Washington Post blogger Ezra Klein is fond of describing our government as an insurance conglomerate protected by a large, standing army. It’s a pithy way of making the point that our government is defined by what it spends its money on, and in the case of the federal government that is largely Medicare, Medicaid, and the military.
But what about state governments? How should we define them? If it were based on the average interaction a citizen has with their state and local governments we would typically think of it as a service provider – they educate our children, pave our roads, collect our trash, and protect our streets. But this quaint view of where our taxpayer dollars are going is quickly being tossed out the window due to the growing cost of underfunded public sector benefit programs. In Klein’s terms, our state government is quickly becoming a publicly funded retirement community for well-heeled government workers.
A new report by the Pew Center on the States found that the state funds devoted to paying pension and health care benefits to retired government workers is $1.26 trillion underfunded. Even that eye-popping number likely understates the problem. As Pew explains in their report, “The $1.26 trillion figure is based on states’ own actuarial assumptions. Most use an 8 percent discount rate – the investment target that states expect to earn, on average, in future years.” If the last decade is any guide, the 8 percent rate is wildly optimistic.
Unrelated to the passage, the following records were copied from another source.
(* Let $K$ be a $p$-adic field and let $L$ be a totally ramified finite extension of $K$. Then the following are equivalent: (1) there exists a compatible system of angular component maps $(\mathrm{ac}_N)_{N\ge1}$ on $L$ whose restrictions to $K$ determine a compatible system of angular component maps on $K$ (i.e. $\mathrm{ac}_N(K)\subseteq\mathcal{O}_K/(N\mathcal{M}_K)\subseteq \mathcal{O}_L/(N\mathcal{M}_L)$ for all $N$); (2) there exists a uniformizer $\tau$ of $L$ such that $\tau^{[L:K]}\in K$.
   Context: A $p$-adic field is a finite extension of $\mathbb{Q}_p$. For a valued field $K$ with valuation ring $\mathcal{O}_K$ and maximal ideal $\mathcal{M}_K$ and $N\ge1$, let $R_N=\mathcal{O}_K/(N\mathcal{M}_K)$. An angular component map $\mathrm{ac}_N\colon K\to R_N$ is a multiplicative homomorphism $K^\times\to R_N^\times$ whose restriction to $\mathcal{O}_K^\times$ is the natural projection, extended by $\mathrm{ac}_N(0)=0$. A family $(\mathrm{ac}_N)_{N\ge1}$ is a compatible system if it commutes with the natural projections $R_{NM}\to R_N$ for all $N,M$. For $K\le L$ with $\mathcal{O}_K=K\cap\mathcal{O}_L$, one has $N\mathcal{M}_K=K\cap N\mathcal{M}_L$, so $\mathcal{O}_K/(N\mathcal{M}_K)$ is naturally a subring of $\mathcal{O}_L/(N\mathcal{M}_L)$. *)

theory Defs
  imports Main
begin

text \<open>A field F is modelled as a subset of an ambient field type of characteristic 0;
  a valuation on it is an integer-valued map v (its value at 0 is irrelevant).\<close>

definition subfield :: "'a::field set \<Rightarrow> bool" where
  "subfield F \<longleftrightarrow> 0 \<in> F \<and> 1 \<in> F \<and>
     (\<forall>x\<in>F. \<forall>y\<in>F. x + y \<in> F \<and> x - y \<in> F \<and> x * y \<in> F) \<and>
     (\<forall>x\<in>F. x \<noteq> 0 \<longrightarrow> inverse x \<in> F)"

definition valuation_on :: "'a::field set \<Rightarrow> ('a \<Rightarrow> int) \<Rightarrow> bool" where
  "valuation_on F v \<longleftrightarrow>
     (\<forall>x\<in>F. \<forall>y\<in>F. x \<noteq> 0 \<longrightarrow> y \<noteq> 0 \<longrightarrow> v (x * y) = v x + v y) \<and>
     (\<forall>x\<in>F. \<forall>y\<in>F. x \<noteq> 0 \<longrightarrow> y \<noteq> 0 \<longrightarrow> x + y \<noteq> 0 \<longrightarrow> min (v x) (v y) \<le> v (x + y)) \<and>
     (\<exists>x\<in>F. x \<noteq> 0 \<and> v x \<noteq> 0)"

definition valring :: "'a::field set \<Rightarrow> ('a \<Rightarrow> int) \<Rightarrow> 'a set" where
  "valring F v = {x\<in>F. x = 0 \<or> 0 \<le> v x}"

definition maxid :: "'a::field set \<Rightarrow> ('a \<Rightarrow> int) \<Rightarrow> 'a set" where
  "maxid F v = {x\<in>F. x = 0 \<or> 0 < v x}"

definition unitsO :: "'a::field set \<Rightarrow> ('a \<Rightarrow> int) \<Rightarrow> 'a set" where
  "unitsO F v = {x\<in>F. x \<noteq> 0 \<and> v x = 0}"

definition complete_wrt :: "'a::field set \<Rightarrow> ('a \<Rightarrow> int) \<Rightarrow> bool" where
  "complete_wrt F v \<longleftrightarrow>
     (\<forall>X::nat \<Rightarrow> 'a. (\<forall>i. X i \<in> F) \<and>
        (\<forall>n::int. \<exists>M. \<forall>i\<ge>M. \<forall>j\<ge>M. X i = X j \<or> n \<le> v (X i - X j)) \<longrightarrow>
        (\<exists>l\<in>F. \<forall>n::int. \<exists>M. \<forall>i\<ge>M. X i = l \<or> n \<le> v (X i - l)))"

definition finite_residue :: "'a::field set \<Rightarrow> ('a \<Rightarrow> int) \<Rightarrow> bool" where
  "finite_residue F v \<longleftrightarrow>
     finite (valring F v // {(x, y). x \<in> valring F v \<and> y \<in> valring F v \<and> x - y \<in> maxid F v})"

text \<open>p-adic field: a complete discretely valued field of characteristic 0 with finite residue
  field (equivalently, a finite extension of Q_p); characteristic 0 comes from the type class.\<close>
definition padic_field :: "'a::field_char_0 set \<Rightarrow> ('a \<Rightarrow> int) \<Rightarrow> bool" where
  "padic_field F v \<longleftrightarrow> subfield F \<and> valuation_on F v \<and> complete_wrt F v \<and> finite_residue F v"

definition uniformizer :: "'a::field set \<Rightarrow> ('a \<Rightarrow> int) \<Rightarrow> 'a \<Rightarrow> bool" where
  "uniformizer F v t \<longleftrightarrow> t \<in> F \<and> t \<noteq> 0 \<and> 0 < v t \<and>
     (\<forall>x\<in>F. x \<noteq> 0 \<longrightarrow> 0 < v x \<longrightarrow> v t \<le> v x)"

definition K_span :: "'a::field set \<Rightarrow> 'a set \<Rightarrow> 'a set" where
  "K_span K B = {x. \<exists>c. (\<forall>b\<in>B. c b \<in> K) \<and> x = (\<Sum>b\<in>B. c b * b)}"

definition K_indep :: "'a::field set \<Rightarrow> 'a set \<Rightarrow> bool" where
  "K_indep K B \<longleftrightarrow> (\<forall>c. (\<forall>b\<in>B. c b \<in> K) \<and> (\<Sum>b\<in>B. c b * b) = 0 \<longrightarrow> (\<forall>b\<in>B. c b = 0))"

definition K_basis :: "'a::field set \<Rightarrow> 'a set \<Rightarrow> 'a set \<Rightarrow> bool" where
  "K_basis K L B \<longleftrightarrow> finite B \<and> B \<subseteq> L \<and> K_indep K B \<and> K_span K B = L"

definition finite_ext :: "'a::field set \<Rightarrow> 'a set \<Rightarrow> bool" where
  "finite_ext K L \<longleftrightarrow> (\<exists>B. K_basis K L B)"

definition degree :: "'a::field set \<Rightarrow> 'a set \<Rightarrow> nat" where
  "degree K L = card (SOME B. K_basis K L B)"

text \<open>Totally ramified: ramification index e(L/K) equals [L:K].\<close>
definition totally_ramified :: "'a::field set \<Rightarrow> 'a set \<Rightarrow> ('a \<Rightarrow> int) \<Rightarrow> bool" where
  "totally_ramified K L v \<longleftrightarrow>
     (\<forall>s t. uniformizer K v s \<and> uniformizer L v t \<longrightarrow> v s = int (degree K L) * v t)"

text \<open>R_N = O_F/(N M_F); elements are cosets (sets), proj F v N x is the class of x.\<close>
definition NM :: "'a::field set \<Rightarrow> ('a \<Rightarrow> int) \<Rightarrow> nat \<Rightarrow> 'a set" where
  "NM F v N = (\<lambda>x. of_nat N * x) ` maxid F v"

definition proj :: "'a::field set \<Rightarrow> ('a \<Rightarrow> int) \<Rightarrow> nat \<Rightarrow> 'a \<Rightarrow> 'a set" where
  "proj F v N x = {y \<in> valring F v. x - y \<in> NM F v N}"

definition ac_map :: "'a::field set \<Rightarrow> ('a \<Rightarrow> int) \<Rightarrow> nat \<Rightarrow> ('a \<Rightarrow> 'a set) \<Rightarrow> bool" where
  "ac_map F v N ac \<longleftrightarrow>
     ac 0 = proj F v N 0 \<and>
     (\<forall>x\<in>F. x \<noteq> 0 \<longrightarrow> (\<exists>a\<in>valring F v. ac x = proj F v N a \<and>
          (\<exists>b\<in>valring F v. proj F v N (a * b) = proj F v N 1))) \<and>
     (\<forall>x\<in>F. \<forall>y\<in>F. \<forall>a\<in>valring F v. \<forall>b\<in>valring F v. x \<noteq> 0 \<longrightarrow> y \<noteq> 0 \<longrightarrow>
          ac x = proj F v N a \<longrightarrow> ac y = proj F v N b \<longrightarrow> ac (x * y) = proj F v N (a * b)) \<and>
     (\<forall>u\<in>unitsO F v. ac u = proj F v N u)"

definition compatible_ac :: "'a::field set \<Rightarrow> ('a \<Rightarrow> int) \<Rightarrow> (nat \<Rightarrow> 'a \<Rightarrow> 'a set) \<Rightarrow> bool" where
  "compatible_ac F v ac \<longleftrightarrow>
     (\<forall>N\<ge>1. ac_map F v N (ac N)) \<and>
     (\<forall>N\<ge>1. \<forall>M\<ge>1. \<forall>x\<in>F. \<forall>a\<in>valring F v.
        ac (N * M) x = proj F v (N * M) a \<longrightarrow> ac N x = proj F v N a)"

end

(*
  (2) implies (1): for a uniformizer t of L, x \<mapsto> x / t^(v x / v t) is a multiplicative
  retraction of L - {0} onto the units of O_L; reducing it modulo N M_L gives a compatible
  system. If t^e \<in> K, where e = [L:K] = e(L/K), then v(K - {0}) = v(t^e) \<int>, so this
  retraction maps K - {0} into O_K.

  (1) implies (2): choose an integer q with v q > 0. Compatibility makes representatives of
  ac_{q^k}(x) a Cauchy sequence; its limit is a unit of O_L representing every ac_{q^k}(x),
  and for x \<in> K completeness of K lets us take the limit in O_K. Write a uniformizer s of K
  as u t^e with t a uniformizer of L and u a unit. If a and c are the limits for t and s,
  multiplicativity of ac gives c = u a^e, so \<tau> = t / a is a uniformizer of L with
  \<tau>^e = s / c \<in> K.
*)
theory Submission
  imports Defs
begin

(* v 0 is junk: 0 is treated as having valuation \<infinity>. *)
definition val_gt :: "'a::field set \<Rightarrow> ('a \<Rightarrow> int) \<Rightarrow> int \<Rightarrow> 'a set" where
  "val_gt F v n = {x \<in> F. x = 0 \<or> n < v x}"

lemma valring_subset: "K \<subseteq> L \<Longrightarrow> valring K v \<subseteq> valring L v"
  by (auto simp: valring_def)

section \<open>Valued subfields\<close>

locale valued_field =
  fixes F :: "'a::field_char_0 set" and v :: "'a \<Rightarrow> int"
  assumes subfield: "subfield F" and valuation: "valuation_on F v"
begin

lemma zero_closed [simp]: "0 \<in> F" and one_closed [simp]: "1 \<in> F"
  using subfield by (auto simp: subfield_def)

lemma add_closed [simp]: "x \<in> F \<Longrightarrow> y \<in> F \<Longrightarrow> x + y \<in> F"
  and diff_closed [simp]: "x \<in> F \<Longrightarrow> y \<in> F \<Longrightarrow> x - y \<in> F"
  and mult_closed [simp]: "x \<in> F \<Longrightarrow> y \<in> F \<Longrightarrow> x * y \<in> F"
  using subfield by (auto simp: subfield_def)

lemma inverse_closed [simp]: "x \<in> F \<Longrightarrow> inverse x \<in> F"
  using subfield by (cases "x = 0") (auto simp: subfield_def)

lemma divide_closed [simp]: "x \<in> F \<Longrightarrow> y \<in> F \<Longrightarrow> x / y \<in> F"
  by (simp add: divide_inverse)

lemma uminus_closed [simp]: "x \<in> F \<Longrightarrow> - x \<in> F"
  using diff_closed[of 0 x] by simp

lemma power_closed [simp]: "x \<in> F \<Longrightarrow> x ^ n \<in> F"
  by (induction n) auto

lemma power_int_closed [simp]: "x \<in> F \<Longrightarrow> x powi k \<in> F"
  by (simp add: power_int_def)

lemma of_nat_closed [simp]: "of_nat n \<in> F"
  by (induction n) auto

lemma v_mult: "x \<in> F \<Longrightarrow> y \<in> F \<Longrightarrow> x \<noteq> 0 \<Longrightarrow> y \<noteq> 0 \<Longrightarrow> v (x * y) = v x + v y"
  using valuation by (auto simp: valuation_on_def)

lemma v_add:
  "x \<in> F \<Longrightarrow> y \<in> F \<Longrightarrow> x \<noteq> 0 \<Longrightarrow> y \<noteq> 0 \<Longrightarrow> x + y \<noteq> 0 \<Longrightarrow> min (v x) (v y) \<le> v (x + y)"
  using valuation by (auto simp: valuation_on_def)

lemma v_one [simp]: "v 1 = 0"
  using v_mult[of 1 1] by simp

lemma v_inverse: "x \<in> F \<Longrightarrow> x \<noteq> 0 \<Longrightarrow> v (inverse x) = - v x"
  using v_mult[of x "inverse x"] by simp

lemma v_divide: "x \<in> F \<Longrightarrow> y \<in> F \<Longrightarrow> x \<noteq> 0 \<Longrightarrow> y \<noteq> 0 \<Longrightarrow> v (x / y) = v x - v y"
  using v_mult[of x "inverse y"] v_inverse[of y] by (simp add: divide_inverse)

lemma v_uminus [simp]:
  assumes "x \<in> F"
  shows "v (- x) = v x"
proof -
  have "v (-1) = 0"
    using v_mult[of "-1" "-1"] by simp
  with assms show ?thesis
    using v_mult[of "-1" x] by (cases "x = 0") auto
qed

lemma v_power: "x \<in> F \<Longrightarrow> x \<noteq> 0 \<Longrightarrow> v (x ^ n) = int n * v x"
  by (induction n) (auto simp: v_mult algebra_simps)

lemma v_power_int: "x \<in> F \<Longrightarrow> x \<noteq> 0 \<Longrightarrow> v (x powi k) = k * v x"
  by (auto simp: power_int_def v_power v_inverse power_inverse[symmetric])

lemma v_of_nat_nonneg: "n \<noteq> 0 \<Longrightarrow> 0 \<le> v (of_nat n)"
proof (induction n)
  case (Suc n)
  show ?case
  proof (cases "n = 0")
    case False
    have "(of_nat n + 1 :: 'a) \<noteq> 0"
      by (metis of_nat_Suc of_nat_eq_0_iff add.commute nat.distinct(1))
    with False have "min (v (of_nat n)) (v 1) \<le> v (of_nat n + 1)"
      using v_add[of "of_nat n" 1] by simp
    with Suc False show ?thesis by (simp add: add.commute)
  qed simp
qed simp

lemma v_of_nat_power_ge:
  assumes "q \<noteq> 0" "0 < v (of_nat q)"
  shows "int k \<le> v (of_nat (q ^ k))"
proof -
  have "v (of_nat (q ^ k)) = int k * v (of_nat q)"
    using assms v_power[of "of_nat q" k] by simp
  moreover have "int k * 1 \<le> int k * v (of_nat q)"
    using assms by (intro mult_left_mono) auto
  ultimately show ?thesis
    by simp
qed

section \<open>Elements of large valuation and residue classes\<close>

lemma zero_val_gt [simp]: "0 \<in> val_gt F v n"
  by (simp add: val_gt_def)

lemma val_gt_add: "x \<in> val_gt F v n \<Longrightarrow> y \<in> val_gt F v n \<Longrightarrow> x + y \<in> val_gt F v n"
  using v_add[of x y] by (cases "x = 0 \<or> y = 0 \<or> x + y = 0") (auto simp: val_gt_def)

lemma val_gt_uminus: "x \<in> val_gt F v n \<Longrightarrow> - x \<in> val_gt F v n"
  by (auto simp: val_gt_def)

lemma val_gt_diff: "x \<in> val_gt F v n \<Longrightarrow> y \<in> val_gt F v n \<Longrightarrow> x - y \<in> val_gt F v n"
  using val_gt_add[of x n "- y"] val_gt_uminus[of y n] by simp

lemma val_gt_diff_commute: "x - y \<in> val_gt F v n \<Longrightarrow> y - x \<in> val_gt F v n"
  using val_gt_uminus[of "x - y" n] by simp

lemma val_gt_antimono: "m \<le> n \<Longrightarrow> x \<in> val_gt F v n \<Longrightarrow> x \<in> val_gt F v m"
  by (auto simp: val_gt_def)

lemma valring_eq_val_gt: "valring F v = val_gt F v (-1)"
  by (auto simp: valring_def val_gt_def)

lemma val_gt_mult: "r \<in> valring F v \<Longrightarrow> x \<in> val_gt F v n \<Longrightarrow> r * x \<in> val_gt F v n"
  using v_mult[of r x] by (cases "r = 0 \<or> x = 0") (auto simp: val_gt_def valring_def)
From 2000 to 2009, the average annual return for the pension investments was 3.9 percent.
Using a more likely rate of return, the funding shortfall could be as much as $1.8 trillion, using investment assumptions required in the private sector by the Financial Accounting Standards Board, or even $2.4 trillion, using a conservative rate analogous to the 30-year Treasury bond which guaranteed a 4.38 percent return.
As the funding gap grows the annual bill for pension and health care benefits will continue to climb. “In many states, the bill for public-sector retirement benefits already threatens strained budgets and is competing for resources with other critical needs, including education, infrastructure and health care,” said Susan Urah, managing director of the Pew Center on the States.
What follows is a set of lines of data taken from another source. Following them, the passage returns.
lemma lin_ext_single: "rhom s \<Longrightarrow> lin_ext s f (Poly_Mapping.single a c) = s c * f a"
  by (simp add: lin_ext_def rhom_zero)

lemma lin_ext_sum: "rhom s \<Longrightarrow> lin_ext s f (sum g S) = (\<Sum>i\<in>S. lin_ext s f (g i))"
  by (induction S rule: infinite_finite_induct) (simp_all add: lin_ext_add)

lemma lin_ext_cong: "(\<And>a. f a = g a) \<Longrightarrow> lin_ext s f x = lin_ext s g x"
  by (simp add: lin_ext_def)

lemma poly_mapping_add_single_induct:
  assumes "P 0" and "\<And>f a b. P f \<Longrightarrow> P (f + Poly_Mapping.single a b)"
  shows "P x"
proof (induction x rule: update_induct)
  case const then show ?case using assms(1) .
next
  case (update f a b)
  have "Poly_Mapping.update a b f = f + Poly_Mapping.single a b"
    using update(1)
    by (intro poly_mapping_eqI) (auto simp: lookup_update lookup_add lookup_single in_keys_iff when_def)
  then show ?case using assms(2)[OF update(3)] by simp
qed

lemma lin_ext_mult:
  assumes s: "rhom s" and f: "\<And>a b. f (a + b) = f a * f b"
  shows "lin_ext s f (x * y) = lin_ext s f x * lin_ext s f y"
proof (induction x rule: poly_mapping_add_single_induct)
  case 1 then show ?case by simp
next
  case (2 x a b)
  have "lin_ext s f (Poly_Mapping.single a b * y) = s b * f a * lin_ext s f y"
  proof (induction y rule: poly_mapping_add_single_induct)
    case 1 then show ?case by simp
  next
    case (2 y a' b')
    then show ?case
      by (simp add: distrib_left lin_ext_add[OF s] mult_single lin_ext_single[OF s]
          rhom_mult[OF s] f algebra_simps)
  qed
  then show ?case using 2
    by (simp add: distrib_right lin_ext_add[OF s] lin_ext_single[OF s] algebra_simps)
qed

lemma rhom_lin_ext:
  "rhom s \<Longrightarrow> (\<And>a b. f (a + b) = f a * f b) \<Longrightarrow> f 0 = 1 \<Longrightarrow> rhom (lin_ext s f)"
  using lin_ext_single[of s f 0 1]
  by (simp add: rhom_def lin_ext_add lin_ext_mult rhom_one)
This could lead states into the dire fiscal mess being experienced in California and Illinois where growing public sector retiree costs are eroding spending on other programs. In an op-ed last August California governor Arnold Schwarzenegger revealed the starling truth that the cost of retirement benefits was growing so fast that it would exceed what the state was spending on higher education this year. But it wouldn’t stop there, next year costs would rise another 15 percent – far outstripping any growth in revenue. By 2020, annual pension spending will have grown nearly five-fold, from $6 billion in 2011 to $28 billion.
This is a direct threat to taxpayers. As Mercatus researcher Veronique de Rugy explains, “Once pensions plans run out of money, payments will have to come out of general funds, meaning taxpayers’ pockets.” Even now, an exorbitant amount of taxpayer money is going to outsized public sector salaries, lavish benefits, and cushy retirement plans, taking money away from states’ ability to fund Medicaid, schools, and other programs.
Reforms will not be accomplished unless there is some public outrage at this gross mismanagement of taxpayer funds. I have a feeling most people wouldn’t be happy to know state governments are becoming little more than an exclusive retirement resort for their own workers.